Stability has to do with angular momentum. Spinning wheels have angular momentum. The bike will be vertically stable because tipping causes the angular momentum vector to tilt up. In order to conserve angular momentum, the bike has to rotate in the horizontal plane (about a vertical axis). But the friction of the two wheels on the road prevents a rotation of the bike about a vertical axis.mrwabba said:I herd an argument about a motorcycle that said at a dead stop could a motorcycle balance while turning 15,000 RPM? I know while riding the object being in motion along with the tires rotating keep the motorcycle on 2 wheels. My question is could the engines turning force keep it balanced? The engine is mounted so it rotates parallel to the wheels so it does add some balance and it’s not trying to throw the bike to one side.
Rotational weight, also known as rotating weight, refers to the weight of a rotating component on a vehicle or object. This can include wheels, tires, gears, and other moving parts.
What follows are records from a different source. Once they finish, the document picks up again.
lemma eval_word_subst_word:
  assumes "\<forall>x. \<sigma> x \<noteq> []" and "w \<noteq> []"
  shows "eval_word \<phi> (subst_word \<sigma> w) = eval_word (\<lambda>x. eval_word \<phi> (\<sigma> x)) w"
  using assms(2)
proof (induction w)
  case (Cons x w)
  with assms(1) show ?case
    by (cases "w = []") (auto simp: eval_word_append eval_word_Cons subst_word_eq_Nil_iff)
qed simp

lemma satisfies_sym: "satisfies S u v \<Longrightarrow> satisfies S v u"
  unfolding satisfies_def by auto

lemma satisfies_trans: "satisfies S u v \<Longrightarrow> satisfies S v w \<Longrightarrow> satisfies S u w"
  unfolding satisfies_def by auto

lemma satisfies_subst_word:
  "satisfies S u v \<Longrightarrow> \<forall>x. \<sigma> x \<noteq> [] \<Longrightarrow> satisfies S (subst_word \<sigma> u) (subst_word \<sigma> v)"
  unfolding satisfies_def is_word_def by (simp add: subst_word_eq_Nil_iff eval_word_subst_word)

lemma satisfies_in_context: "satisfies S u v \<Longrightarrow> satisfies S (a @ u @ b) (a @ v @ b)"
  unfolding satisfies_def is_word_def
  by (cases "a = []"; cases "b = []") (simp_all add: eval_word_append)

lemma wpow_Suc: "wpow w (Suc m) = w @ wpow w m"
  by (simp add: wpow_def)

lemma wpow_singleton: "wpow [i] m = replicate m i"
  by (induction m) (simp_all add: wpow_def)

lemma wpow_shift: "x @ wpow (y @ x) m = wpow (x @ y) m @ x"
  by (induction m) (simp_all add: wpow_Suc wpow_def)

lemma eval_word_wpow_append:
  "w \<noteq> [] \<Longrightarrow> x \<noteq> [] \<Longrightarrow>
     eval_word \<phi> (wpow w m @ x) = ((*) (eval_word \<phi> w) ^^ m) (eval_word \<phi> x)"
  by (induction m) (simp_all add: wpow_Suc wpow_def eval_word_append)

section \<open>Periodic powers\<close>

text \<open>pow_suc z n is z^(n+1): a semigroup has no z^0.\<close>

fun pow_suc :: "'a::semigroup_mult \<Rightarrow> nat \<Rightarrow> 'a" where
  "pow_suc z 0 = z"
| "pow_suc z (Suc n) = z * pow_suc z n"

lemma eval_word_replicate: "eval_word \<phi> (replicate (Suc m) x) = pow_suc (\<phi> x) m"
  by (induction m) (auto simp: eval_word_Cons)

lemma eval_word_wpow_singleton:
  "k \<ge> 1 \<Longrightarrow> eval_word \<phi> (wpow [i] k) = pow_suc (\<phi> i) (k - 1)"
  using eval_word_replicate[of \<phi> "k - 1" i] by (simp add: wpow_singleton)

lemma pow_suc_add: "pow_suc z m * pow_suc z n = pow_suc z (m + n + 1)"
  by (induction m) (auto simp: mult.assoc)

lemma funpow_mult_Suc: "((*) z ^^ Suc m) x = pow_suc z m * x"
  by (induction m) (auto simp: mult.assoc)

lemma satisfies_power_period:
  fixes S :: "'a::semigroup_mult itself" and z :: 'a
  assumes "satisfies S (wpow [0] (k + 2)) (wpow [0] 2)"
  shows "pow_suc z (k + 1) = pow_suc z 1"
proof -
  have "eval_word (\<lambda>_. z) (wpow [0] (Suc (k + 1))) = eval_word (\<lambda>_. z) (wpow [0] (Suc 1))"
    using assms unfolding satisfies_def by (simp add: numeral_2_eq_2)
  then show ?thesis by (simp only: wpow_singleton eval_word_replicate)
qed

context
  fixes z :: "'a::semigroup_mult" and k :: nat
  assumes period: "pow_suc z (k + 1) = pow_suc z 1"
begin

lemma pow_suc_period:
  assumes "m \<ge> 1" shows "pow_suc z (m + k) = pow_suc z m"
proof (cases "m = 1")
  case False
  define j where "j = m - 2"
  have m: "m = j + 2" using assms False by (simp add: j_def)
  have "j + (k + 1) + 1 = m + k" by (simp add: m)
  then have "pow_suc z (m + k) = pow_suc z j * pow_suc z (k + 1)"
    by (metis pow_suc_add)
  also have "\<dots> = pow_suc z (j + 1 + 1)"
    by (simp only: period pow_suc_add)
  finally show ?thesis by (simp add: m)
qed (use period in simp)

lemma pow_suc_idem:
  assumes "k \<ge> 2" shows "pow_suc z (k - 1) * pow_suc z (k - 1) = pow_suc z (k - 1)"
proof -
  have "(k - 1) + (k - 1) + 1 = (k - 1) + k" using assms by simp
  then show ?thesis using pow_suc_period[of "k - 1"] pow_suc_add[of z "k - 1" "k - 1"] assms by simp
qed

lemma funpow_mult_period:
  assumes "m \<ge> 2" shows "((*) z ^^ (m + i * k)) x = ((*) z ^^ m) x"
proof (induction i)
  case (Suc i)
  obtain j where m: "m = Suc j" and "j \<ge> 1" using assms by (cases m) auto
  have "((*) z ^^ (m + Suc i * k)) x = ((*) z ^^ Suc (j + k)) (((*) z ^^ (i * k)) x)"
    by (simp add: m funpow_add algebra_simps)
  also have "\<dots> = ((*) z ^^ m) (((*) z ^^ (i * k)) x)"
    unfolding funpow_mult_Suc m using pow_suc_period[OF \<open>j \<ge> 1\<close>] by simp
  also have "\<dots> = ((*) z ^^ (m + i * k)) x"
    by (simp add: funpow_add)
  finally show ?case using Suc.IH by simp
qed simp

text \<open>A relation z x = z^c x with c \<ge> 2 lets z x climb through all exponents
  1 + j (c - 1); the exponent 1 + k (c - 1) is congruent to k + 1 modulo the period k.\<close>

lemma mult_eq_funpow_period:
  assumes eq: "z * x = ((*) z ^^ c) x" and "c \<ge> 2" and "k \<ge> 1"
  shows "z * x = ((*) z ^^ (k + 1)) x"
proof -
  have climb: "z * x = ((*) z ^^ (1 + j * (c - 1))) x" for j
  proof (induction j)
    case (Suc j)
    have "1 + Suc j * (c - 1) = j * (c - 1) + c" using \<open>c \<ge> 2\<close> by simp
    then have "((*) z ^^ (1 + Suc j * (c - 1))) x = ((*) z ^^ (j * (c - 1))) (((*) z ^^ c) x)"
      by (simp only: funpow_add comp_apply)
    also have "\<dots> = ((*) z ^^ (j * (c - 1))) (z * x)"
      by (simp only: eq)
    also have "\<dots> = ((*) z ^^ Suc (j * (c - 1))) x"
      by (simp only: funpow_Suc_right comp_apply)
    finally show ?case using Suc.IH by simp
  qed simp
  have "1 + k * (c - 1) = (k + 1) + (c - 2) * k" using \<open>c \<ge> 2\<close>
    by (simp add: algebra_simps)
  then show ?thesis
    using climb[of k] funpow_mult_period[of "k + 1" "c - 2" x] \<open>k \<ge> 1\<close> by simp
qed

end

section \<open>Blocks\<close>

text \<open>The number of maximal factors of w all of whose letters lie in B.\<close>

fun block_count :: "nat set \<Rightarrow> nat list \<Rightarrow> nat" where
  "block_count B [] = 0"
| "block_count B (x # w) = (if x \<in> B \<and> (w = [] \<or> hd w \<notin> B) then 1 else 0) + block_count B w"

lemma block_count_eq_0_iff: "block_count B w = 0 \<longleftrightarrow> set w \<inter> B = {}"
proof (induction w)
  case (Cons x w)
  then show ?case by (cases w) auto
qed simp

lemma block_count_neq_0: "x \<in> set w \<Longrightarrow> x \<in> B \<Longrightarrow> block_count B w \<noteq> 0"
  using block_count_eq_0_iff by blast

lemma block_count_append:
  "xs = [] \<or> last xs \<notin> B \<Longrightarrow> block_count B (xs @ ys) = block_count B xs + block_count B ys"
proof (induction xs)
  case (Cons x xs)
  then show ?case by (cases xs) auto
qed simp

lemma block_count_single_block:
  assumes "set p \<inter> B = {}" and "q \<noteq> []" and "set q \<subseteq> B" and "set r \<inter> B = {}"
  shows "block_count B (p @ q @ r) = 1"
proof -
  have "block_count B (q @ r) = 1"
    using assms(2,3)
  proof (induction q)
    case (Cons x q)
    with assms(4) show ?case
      by (cases q) (auto simp: block_count_eq_0_iff dest: hd_in_set)
  qed simp
  moreover have "block_count B p = 0" using assms(1) by (simp add: block_count_eq_0_iff)
  ultimately show ?thesis
    using assms(1) block_count_append[of p B "q @ r"] by (cases "p = []") (auto dest: last_in_set)
qed

lemma block_count_eq_1_iff:
  "block_count B w = 1 \<longleftrightarrow>
     (\<exists>p q r. w = p @ q @ r \<and> q \<noteq> [] \<and> set q \<subseteq> B \<and> set p \<inter> B = {} \<and> set r \<inter> B = {})"
  (is "_ \<longleftrightarrow> (\<exists>p q r. ?block w p q r)")
proof
  show "\<exists>p q r. ?block w p q r" if "block_count B w = 1"
    using that
  proof (induction w)
    case (Cons x w)
    show ?case
    proof (cases "x \<in> B")
      case False
      with Cons obtain p q r where "?block w p q r" by auto
      with False show ?thesis by (intro exI[of _ "x # p"] exI[of _ q] exI[of _ r]) auto
    next
      case True
      show ?thesis
      proof (cases "w = [] \<or> hd w \<notin> B")
        case True
        with Cons.prems \<open>x \<in> B\<close> have "set w \<inter> B = {}" by (simp add: block_count_eq_0_iff)
        with \<open>x \<in> B\<close> show ?thesis by (intro exI[of _ "[]"] exI[of _ "[x]"] exI[of _ w]) auto
      next
        case False
        with Cons obtain p q r where block: "?block w p q r" by auto
        with False have "p = []" by (cases p) auto
        with block \<open>x \<in> B\<close> show ?thesis by (intro exI[of _ "[]"] exI[of _ "x # q"] exI[of _ r]) auto
      qed
    qed
  qed simp
qed (use block_count_single_block in blast)

lemma block_entry_unique:
  assumes "block_count B w = 1" and "w = u @ a # b # v" and "a \<notin> B" and "b \<in> B"
  shows "a = last (takeWhile (\<lambda>x. x \<notin> B) w)"
proof -
  have "block_count B (b # v) \<noteq> 0" using \<open>b \<in> B\<close> by (intro block_count_neq_0) auto
  moreover have "block_count B w = block_count B (u @ [a]) + block_count B (b # v)"
    using assms(2,3) block_count_append[of "u @ [a]" B "b # v"] by simp
  ultimately have "block_count B (u @ [a]) = 0" using assms(1) by linarith
  then have "set u \<inter> B = {}" by (simp add: block_count_eq_0_iff)
  then have "takeWhile (\<lambda>x. x \<notin> B) (u @ a # b # v) = u @ [a]"
    using assms(3,4) by (subst takeWhile_append2) auto
  then show ?thesis using assms(2) by simp
qed

lemma block_exit_unique:
  assumes "block_count B w = 1" and "w = u @ a # b # v" and "a \<in> B" and "b \<notin> B"
  shows "b = last (takeWhile (\<lambda>x. x \<notin> B) (rev w))"
proof -
  have "block_count B (u @ [a, b]) \<noteq> 0" using \<open>a \<in> B\<close> by (intro block_count_neq_0) auto
  moreover have "block_count B w = block_count B (u @ [a, b]) + block_count B v"
    using assms(2,4) block_count_append[of "u @ [a, b]" B v] by simp
  ultimately have "block_count B v = 0" using assms(1) by linarith
  then have "set v \<inter> B = {}" by (simp add: block_count_eq_0_iff)
  then have "takeWhile (\<lambda>x. x \<notin> B) (rev v @ b # a # rev u) = rev v @ [b]"
    using assms(3,4) by (subst takeWhile_append2) auto
  then show ?thesis using assms(2) by simp
qed

lemma sublist_pair_iff: "sublist [a, b] w \<longleftrightarrow> (\<exists>u v. w = u @ a # b # v)"
  by (simp add: sublist_def)

lemma sublist_adjacent_distinct:
  "x \<in> set w \<Longrightarrow> y \<in> set w \<Longrightarrow> x \<noteq> y \<Longrightarrow> \<exists>c d. c \<noteq> d \<and> sublist [c, d] w"
proof (induction w)
  case (Cons c w)
  show ?case
  proof (cases w)
    case (Cons d w')
    show ?thesis
    proof (cases "c = d")
      case True
      with Cons.prems \<open>w = d # w'\<close> have "x \<in> set w" "y \<in> set w" by auto
      then obtain c' d' where "c' \<noteq> d'" "sublist [c', d'] w" using Cons.IH Cons.prems(3) by blast
      then show ?thesis by (auto simp: sublist_Cons_right)
    next
      case False
      have "sublist [c, d] (c # w)" using \<open>w = d # w'\<close> by (metis append_Cons append_Nil sublist_append_rightI)
      with False show ?thesis by blast
    qed
  qed (use Cons.prems in simp)
qed simp

lemma block_of_two_letters_adjacent:
  assumes "block_count {a, b} w = 1" and "a \<in> set w" and "b \<in> set w" and "a \<noteq> b"
  shows "sublist [a, b] w \<or> sublist [b, a] w"
proof -
  obtain p q r where w: "w = p @ q @ r" and q: "set q \<subseteq> {a, b}"
    and "set p \<inter> {a, b} = {}" "set r \<inter> {a, b} = {}"
    using assms(1) unfolding block_count_eq_1_iff by blast
  with assms(2,3) have "a \<in> set q" "b \<in> set q" by auto
  then obtain c d where "c \<noteq> d" and cd: "sublist [c, d] q"
    using sublist_adjacent_distinct[OF _ _ assms(4)] by blast
  have "sublist [c, d] w"
    using cd by (rule sublist_order.order.trans) (simp add: w)
  moreover have "(c = a \<and> d = b) \<or> (c = b \<and> d = a)"
    using q set_mono_sublist[OF cd] \<open>c \<noteq> d\<close> by auto
  ultimately show ?thesis by blast
qed

lemma block_count_singleton_eq_1_imp_mem: "block_count {j} w = 1 \<Longrightarrow> j \<in> set w"
  using block_count_eq_0_iff[of "{j}" w] by auto

lemma sublist_pair_step_up:
  assumes "block_count {Suc m} w = 1" and "block_count {Suc (Suc m)} w = 1"
    and "block_count {Suc m, Suc (Suc m)} w = 1" and "sublist [m, Suc m] w"
  shows "sublist [Suc m, Suc (Suc m)] w"
proof (rule ccontr)
  assume "\<not> ?thesis"
  with block_of_two_letters_adjacent[OF assms(3) block_count_singleton_eq_1_imp_mem[OF assms(1)]
      block_count_singleton_eq_1_imp_mem[OF assms(2)]]
  have "sublist [Suc (Suc m), Suc m] w" by simp
  then obtain u v where "w = u @ Suc (Suc m) # Suc m # v" by (auto simp: sublist_pair_iff)
  then have "Suc (Suc m) = last (takeWhile (\<lambda>x. x \<notin> {Suc m}) w)"
    by (rule block_entry_unique[OF assms(1)]) simp_all
  moreover obtain u' v' where "w = u' @ m # Suc m # v'" using assms(4) by (auto simp: sublist_pair_iff)
  then have "m = last (takeWhile (\<lambda>x. x \<notin> {Suc m}) w)"
    by (rule block_entry_unique[OF assms(1)]) simp_all
  ultimately show False by simp
qed

lemma sublist_pair_step_down:
  assumes "block_count {m} w = 1" and "block_count {Suc m} w = 1"
    and "block_count {m, Suc m} w = 1" and "sublist [Suc m, Suc (Suc m)] w"
  shows "sublist [m, Suc m] w"
proof (rule ccontr)
  assume "\<not> ?thesis"
  with block_of_two_letters_adjacent[OF assms(3) block_count_singleton_eq_1_imp_mem[OF assms(1)]
      block_count_singleton_eq_1_imp_mem[OF assms(2)]]
  have "sublist [Suc m, m] w" by simp
  then obtain u v where "w = u @ Suc m # m # v" by (auto simp: sublist_pair_iff)
  then have "m = last (takeWhile (\<lambda>x. x \<notin> {Suc m}) (rev w))"
    by (rule block_exit_unique[OF assms(2)]) simp_all
  moreover obtain u' v' where "w = u' @ Suc m # Suc (Suc m) # v'" using assms(4) by (auto simp: sublist_pair_iff)
  then have "Suc (Suc m) = last (takeWhile (\<lambda>x. x \<notin> {Suc m}) (rev w))"
    by (rule block_exit_unique[OF assms(2)]) simp_all
  ultimately show False by simp
qed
Dead weight, on the other hand, refers to the weight of stationary objects such as the body or frame of the vehicle. The main difference between rotational weight and dead weight is that rotational weight can affect the performance and handling of a vehicle, while dead weight primarily affects its overall weight and fuel efficiency.
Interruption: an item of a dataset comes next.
(* Let $\delta\in(0,1]$, $\varepsilon>0$, and let $G=(V,E)$ be a simple graph on $n$ vertices with minimal degree at least $\delta n$. Let $V=V_1\sqcup\dots\sqcup V_k$ be an $(\varepsilon,\delta,n^{1.5})$-good decomposition of $G$ with parameter $\theta$, and let $X$ be the simple random walk on $G$. Then for any $C>0$, any $i\in[k]$ and any $v\in V$, \[ \Pr_v\left(\exists t\in[1,C\sqrt n]: X_t\in V_i,\ X_{t+1}\notin V_i\right)\le\frac{C\theta^2\varepsilon^9}{\delta^2}. \] Furthermore, for any $C>0$ and $i\in[k]$ there exists a set $V_i'\subseteq V_i$ with $|V_i'|\ge\delta^4n/80$ such that for every $v\in V_i'$, \[ \Pr_v\left(X[0,C\sqrt n]\subseteq V_i\right)\ge 1-\frac{80C\theta^2\varepsilon^9}{\delta^6}. \]
   Context: $\deg(v,U)$ is the number of edges between $v$ and $U$, $E(A,B)$ the set of edges between $A$ and $B$, $G[U]$ the induced subgraph, and the spectral gap of a graph is $1-\lambda_2$ for the transition matrix of its simple random walk. For $\varepsilon\in(0,1)$, $\delta\in(0,1]$, $\beta>0$ and $G$ on $n$ vertices with minimal degree at least $\delta n$, a partition $V=V_1\sqcup\dots\sqcup V_k$ is an $(\varepsilon,\delta,\beta)$-good decomposition with parameter $\theta$ if $\theta\in[\varepsilon^{11\cdot 2^{2/\delta}},\varepsilon]$ and for every $i\in[k]$: (1) $k\le 2/\delta$; (2) $|V_i|\ge\delta n/2$; (3) the spectral gap of $G[V_i]$ is at least $\frac{\delta^{15}\theta\beta}{2^{31}n^2}$; (4) $\deg(v,V_i)\ge\delta^4n/40$ for all $v\in V_i$; (5) $|E(V_i,V\setminus V_i)|\le\varepsilon^9\theta^2\beta$. $X[a,b]$ denotes $\{X_j: j\in[\lceil a\rceil,\lfloor b\rfloor]\cap\mathbb N\}$ and $\Pr_v$ refers to the walk started at $v$. *)

theory Defs
  imports "HOL-Analysis.Analysis" "Jordan_Normal_Form.Char_Poly" "HOL-Library.Multiset"
begin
Rotational weight can have a significant impact on the acceleration, braking, and handling of a vehicle. This is because the heavier the rotating components, the more energy is required to move them, resulting in slower acceleration and longer braking distances. Additionally, rotational weight can affect the vehicle's balance and stability, making it more difficult to control at high speeds or on uneven surfaces.
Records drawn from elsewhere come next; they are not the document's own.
(* Let $\Omega$ be a compact subset of a Euclidean space and let $\phi$ satisfy condition (A1) below. Then for every $\mu\in M(\Omega)$, \[ \phi\big(\|\mu\|_{M(\Omega)}\big)\le\Phi(\mu)\le\|\mu\|_{M(\Omega)}. \]
   Context: $M(\Omega)$ is the space of signed Borel measures on $\Omega$ of bounded total variation, with total variation norm $\|\mu\|_{M(\Omega)}$ and total variation measure $|\mu|$. With $\operatorname{atom}(\mu)=\{\omega:\mu(\{\omega\})\ne0\}$, $\Phi(\mu)=|\mu|(\Omega\setminus\operatorname{atom}(\mu))+\sum_{\omega\in\operatorname{atom}(\mu)}\phi(|\mu|(\{\omega\}))$. Condition (A1): $\phi\colon[0,\infty)\to[0,\infty)$ is differentiable, concave, nondecreasing, $\phi(0)=0$, $\phi'(0)=1$, $\phi(z)\to+\infty$ as $z\to\infty$, and there is $\gamma\ge0$ with $0\le\phi'(z_1)-\phi'(z_2)\le\gamma(z_2-z_1)$ for all $0\le z_1\le z_2$. *)

theory Defs
  imports "HOL-Analysis.Analysis"
begin

definition borel_on :: "'a::euclidean_space set \<Rightarrow> 'a set set" where
  "borel_on \<Omega> = {A. A \<in> sets borel \<and> A \<subseteq> \<Omega>}"

text \<open>A (real-valued, hence finite) signed Borel measure on \<Omega>: a countably additive
  set function on the Borel subsets of \<Omega>.  Only its values on borel_on \<Omega> matter.\<close>
definition signed_measure_on :: "'a::euclidean_space set \<Rightarrow> ('a set \<Rightarrow> real) \<Rightarrow> bool" where
  "signed_measure_on \<Omega> \<mu> \<longleftrightarrow>
     \<mu> {} = 0 \<and>
     (\<forall>A::nat \<Rightarrow> 'a set. range A \<subseteq> borel_on \<Omega> \<and> disjoint_family A \<longrightarrow>
        (\<lambda>i. \<mu> (A i)) sums \<mu> (\<Union>i. A i))"

definition tv_partition_sums :: "'a::euclidean_space set \<Rightarrow> ('a set \<Rightarrow> real) \<Rightarrow> 'a set \<Rightarrow> real set" where
  "tv_partition_sums \<Omega> \<mu> E =
     {\<Sum>B\<in>P. \<bar>\<mu> B\<bar> | P. finite P \<and> disjoint P \<and> P \<subseteq> borel_on \<Omega> \<and> \<Union>P = E}"

definition total_variation :: "'a::euclidean_space set \<Rightarrow> ('a set \<Rightarrow> real) \<Rightarrow> 'a set \<Rightarrow> real" where
  "total_variation \<Omega> \<mu> E = Sup (tv_partition_sums \<Omega> \<mu> E)"

definition measures_M :: "'a::euclidean_space set \<Rightarrow> ('a set \<Rightarrow> real) set" where
  "measures_M \<Omega> = {\<mu>. signed_measure_on \<Omega> \<mu> \<and> bdd_above (tv_partition_sums \<Omega> \<mu> \<Omega>)}"

definition M_norm :: "'a::euclidean_space set \<Rightarrow> ('a set \<Rightarrow> real) \<Rightarrow> real" where
  "M_norm \<Omega> \<mu> = total_variation \<Omega> \<mu> \<Omega>"

definition atoms :: "'a::euclidean_space set \<Rightarrow> ('a set \<Rightarrow> real) \<Rightarrow> 'a set" where
  "atoms \<Omega> \<mu> = {\<omega> \<in> \<Omega>. \<mu> {\<omega>} \<noteq> 0}"

definition Phi :: "(real \<Rightarrow> real) \<Rightarrow> 'a::euclidean_space set \<Rightarrow> ('a set \<Rightarrow> real) \<Rightarrow> real" where
  "Phi \<phi> \<Omega> \<mu> =
     total_variation \<Omega> \<mu> (\<Omega> - atoms \<Omega> \<mu>)
     + (\<Sum>\<^sub>\<infinity>\<omega>\<in>atoms \<Omega> \<mu>. \<phi> (total_variation \<Omega> \<mu> {\<omega>}))"

definition cond_A1 :: "(real \<Rightarrow> real) \<Rightarrow> bool" where
  "cond_A1 \<phi> \<longleftrightarrow>
     (\<exists>\<phi>' \<gamma>. (\<forall>z\<ge>0. (\<phi> has_real_derivative \<phi>' z) (at z within {0..}))
        \<and> \<phi>' 0 = 1 \<and> \<gamma> \<ge> 0
        \<and> (\<forall>z1 z2. 0 \<le> z1 \<and> z1 \<le> z2 \<longrightarrow>
              0 \<le> \<phi>' z1 - \<phi>' z2 \<and> \<phi>' z1 - \<phi>' z2 \<le> \<gamma> * (z2 - z1)))
     \<and> (\<forall>z\<ge>0. \<phi> z \<ge> 0)
     \<and> concave_on {0..} \<phi>
     \<and> mono_on {0..} \<phi>
     \<and> \<phi> 0 = 0
     \<and> filterlim \<phi> at_top at_top"

end

theory Submission
  imports Defs
begin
In most cases, dead weight has a greater impact on fuel efficiency than rotational weight. This is because rotational weight only affects the vehicle's performance during acceleration and braking, while dead weight affects its overall weight, which can impact fuel consumption. However, reducing rotational weight can still lead to slight improvements in fuel efficiency, especially in high-performance vehicles.
One way to reduce rotational weight is by using lightweight materials for rotating components, such as carbon fiber or aluminum. Another method is by decreasing the size or number of rotating components, such as using smaller wheels or thinner tires. However, it's important to strike a balance between weight reduction and maintaining the necessary strength and durability of these components.
While reducing rotational weight can improve a vehicle's performance in terms of acceleration and handling, there are some potential downsides. For example, using lightweight materials may increase the cost of production and maintenance, and reducing the size of rotating components can also affect the ride quality and comfort of the vehicle. Additionally, reducing rotational weight too much can compromise the overall durability and safety of the vehicle.